I think we crossed paths while I was editing my post above.  I linked a sauce database for you to check out. ↑↑↑


----------



## MarTex (Jan 30, 2021)

thirdeye said:


> Here is a link explaining the canning  process along with their starter recipe.  I think we can come up with a better recipe to test.  I'll dig through my library.
> 
> 
> National Center for Home Food Preservation | How Do I? Can Tomatoes
> ...


Wow! I'd better start reading.  Thanks so much!


----------



## Brokenhandle (Jan 30, 2021)

Good luck! Looking forward to what you come up with!

Ryan


----------



## thirdeye (Jan 30, 2021)

MarTex said:


> Wow! I'd better start reading.  Thanks so much!



If you really want to get serious, this is the book for you.  It's 20 or 25 years old but barbecue flavors have been around for generations.  The title is misleading, because sauces are not discussed until page 157.  This book teaches you how to how to build a rub, sauce, marinade etc., (even three  ketchup recipes)  but more importantly it explains what seasonings do, both basic seasonings and 'signature' seasonings that make a recipe yours.  The recipes are not all Kirk's.... some are from his students, or relative, friends, or folks in the barbecue community.   It's actually really good reading. My copy is all dog-eared, and has sticky notes throughout and now I use it to research  a special 'wow' flavor to add to a storebought seasoning or for a new flavor footprint.


----------



## Brokenhandle (Jan 30, 2021)

That book looks like a whole new tablet of to do list!

Ryan


----------



## MarTex (Jan 30, 2021)

thirdeye said:


> If you really want to get serious, this is the book for you.  It's 20 or 25 years old but barbecue flavors have been around for generations.  The title is misleading, because sauces are not discussed until page 157.  This book teaches you how to how to build a rub, sauce, marinade etc., (even three  ketchup recipes)  but more importantly it explains what seasonings do, both basic seasonings and 'signature' seasonings that make a recipe yours.  The recipes are not all Kirk's.... some are from his students, or relative, friends, or folks in the barbecue community.   It's actually really good reading.

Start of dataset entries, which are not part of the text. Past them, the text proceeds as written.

(* Consider the uniform noising process on $[S]^d$ from $q_0$, fix $T>0$, and let $(\overleftarrow x_t)_{t\in[0,T]}$ be its reverse process. Then for all $0\le\ell<t<T$, $i\in[d]$, $c\in[S]$ and $x_\ell\in[S]^d$, $$\mathbb E_{x_t\sim\overleftarrow q_{t\mid\ell}(\cdot\mid x_\ell)}\big[s_{T-t}(x_t\oplus_ic,x_t)\big]=s_{T-\ell}(x_\ell\oplus_ic,x_\ell).$$ Equivalently, for any function $g$ of $x_\ell$, $\mathbb E_{x_t\sim\overleftarrow q_{t\mid\ell}(\cdot\mid x_\ell)}\big[(s_{T-\ell}(x_\ell\oplus_ic,x_\ell)-s_{T-t}(x_t\oplus_ic,x_t))\,g(x_\ell)\big]=0$.
   Context: Uniform noising process: time-homogeneous CTMC on $[S]^d$ with rates $Q(x,y)=1/S$ if $x,y$ are at Hamming distance one, $0$ at Hamming distance $\ge2$; $q_t$ is its time-$t$ law; $s_t(y,x)=q_t(y)/q_t(x)$. Reverse process on $[0,T]$: the CTMC started from $q_T$ with rates $\overleftarrow Q_t(x,y)=Q(y,x)s_{T-t}(y,x)$ for $x\ne y$, whose time-$t$ marginal is $q_{T-t}$; $\overleftarrow q_{t\mid\ell}(\cdot\mid x_\ell)$ is the conditional law of its state at time $t$ given state $x_\ell$ at time $\ell$. $x\oplus_i c$: $x$ with coordinate $i$ replaced by $(x^i+c)\bmod S$, convention $0\bmod S=S$. *)

theory Defs
  imports "HOL-Analysis.Analysis" "HOL-Library.FuncSet"
begin
lemma centered_gaussian_field_sum_abs_moment_le:
  fixes n :: nat and c a :: "nat \<Rightarrow> real" and k :: nat
  assumes gauss: "centered_gaussian_field M g" and stat: "stationary_cov M g R"
    and p: "0 \<le> p" "p \<le> 2 * real k"
  shows "(\<integral>\<^sup>+\<omega>. ennreal (\<bar>\<Sum>i<n. c i * g (a i) \<omega>\<bar> powr p) \<partial>M)
    \<le> ennreal ((1 + fact (2 * k) / (2 ^ k * fact k)) * (\<Sum>i<n. \<Sum>j<n. c i * c j * R (a i - a j)) powr (p / 2))"
proof -
  obtain v where v: "centered_gaussian_rv M (\<lambda>\<omega>. \<Sum>i<n. c i * g (a i) \<omega>) v"
    using centered_gaussian_field_sum[OF gauss] by blast
  have "v = (\<Sum>i<n. \<Sum>j<n. c i * c j * R (a i - a j))"
    using centered_gaussian_rv_second_moment[OF v] stationary_cov_integral_sum_square[OF stat] by simp
  then show ?thesis
    using centered_gaussian_rv_abs_moment_le[OF v p] by simp
qed

lemma W_tilde_diff_riemann_sum_tendsto:
  assumes cont: "continuous_on UNIV (\<lambda>x. g x \<omega>)" and eps: "\<epsilon> > 0" and yx: "y < x"
  shows "(\<lambda>n. \<Sum>i<n. \<epsilon> powr (-\<alpha>/2) * ((x - y) / n) * g ((y + real i * ((x - y) / n)) / \<epsilon>) \<omega>)
    \<longlonglongrightarrow> W_tilde \<alpha> g \<epsilon> x \<omega> - W_tilde \<alpha> g \<epsilon> y \<omega>"
proof -
  have "continuous_on UNIV (\<lambda>u::real. u / \<epsilon>)"
    using eps by (intro continuous_on_divide continuous_on_id continuous_on_const) auto
  then have cont_scaled: "continuous_on UNIV (\<lambda>u. g (u / \<epsilon>) \<omega>)"
    using continuous_on_compose2[OF cont] by blast
  have "(\<lambda>n. (x - y) / n * (\<Sum>i<n. g ((y + real i * (x - y) / n) / \<epsilon>) \<omega>))
      \<longlonglongrightarrow> (LBINT u=0..x. g (u / \<epsilon>) \<omega>) - (LBINT u=0..y. g (u / \<epsilon>) \<omega>)"
    by (rule left_riemann_sum_tendsto[OF yx continuous_on_subset[OF cont_scaled subset_UNIV]
          LBINT_0_has_real_derivative[OF cont_scaled]])
  then have "(\<lambda>n. \<epsilon> powr (-\<alpha>/2) * ((x - y) / n * (\<Sum>i<n. g ((y + real i * (x - y) / n) / \<epsilon>) \<omega>)))
      \<longlonglongrightarrow> \<epsilon> powr (-\<alpha>/2) * ((LBINT u=0..x. g (u / \<epsilon>) \<omega>) - (LBINT u=0..y. g (u / \<epsilon>) \<omega>))"
    by (rule tendsto_mult_left)
  then show ?thesis
    by (simp add: W_tilde_def right_diff_distrib sum_distrib_left mult_ac)
qed

lemma nn_integral_abs_powr_le_of_tendsto:
  fixes S :: "nat \<Rightarrow> 'a \<Rightarrow> real" and B :: ennreal
  assumes S: "\<And>n. S n \<in> borel_measurable M"
    and lim: "\<And>\<omega>. \<omega> \<in> space M \<Longrightarrow> (\<lambda>n. S n \<omega>) \<longlonglongrightarrow> Z \<omega>"
    and p: "p > 0"
    and bound: "eventually (\<lambda>n. (\<integral>\<^sup>+\<omega>. ennreal (\<bar>S n \<omega>\<bar> powr p) \<partial>M) \<le> B) sequentially"
  shows "(\<integral>\<^sup>+\<omega>. ennreal (\<bar>Z \<omega>\<bar> powr p) \<partial>M) \<le> B"
proof -
  have "(\<integral>\<^sup>+\<omega>. ennreal (\<bar>Z \<omega>\<bar> powr p) \<partial>M) = (\<integral>\<^sup>+\<omega>. liminf (\<lambda>n. ennreal (\<bar>S n \<omega>\<bar> powr p)) \<partial>M)"
  proof (intro nn_integral_cong)
    fix \<omega> assume "\<omega> \<in> space M"
    then have "(\<lambda>n. ennreal (\<bar>S n \<omega>\<bar> powr p)) \<longlonglongrightarrow> ennreal (\<bar>Z \<omega>\<bar> powr p)"
      using p by (intro tendsto_ennrealI tendsto_powr' tendsto_rabs lim tendsto_const) auto
    then show "ennreal (\<bar>Z \<omega>\<bar> powr p) = liminf (\<lambda>n. ennreal (\<bar>S n \<omega>\<bar> powr p))"
      by (intro lim_imp_Liminf[symmetric]) auto
  qed
  also have "\<dots> \<le> liminf (\<lambda>n. \<integral>\<^sup>+\<omega>. ennreal (\<bar>S n \<omega>\<bar> powr p) \<partial>M)"
    using S by (intro nn_integral_liminf) measurable
  also have "\<dots> \<le> B"
    by (rule Liminf_le[OF _ bound]) simp
  finally show ?thesis .
qed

My copy is all dog-eared, and has sticky notes throughout and now I use it to research  a special 'wow' flavor to add to a storebought seasoning or for a new flavor footprint.
> View attachment 482576
> 
> View attachment 482577


Thanks so much for this suggestion.  I just ordered the used paperback book and it should be here in 2 wks or less.  Ironically, several nights ago I had run across an online article in Food & Wine Magazine focusing on Paul Kirk's recipe for Kansas City-Style Barbecue Sauce.  I thoroughly enjoyed the article/recipe and I've already started experimenting with it.  Now, thanks to your suggestion, I'll soon have a whole lot of his recipes to study.


----------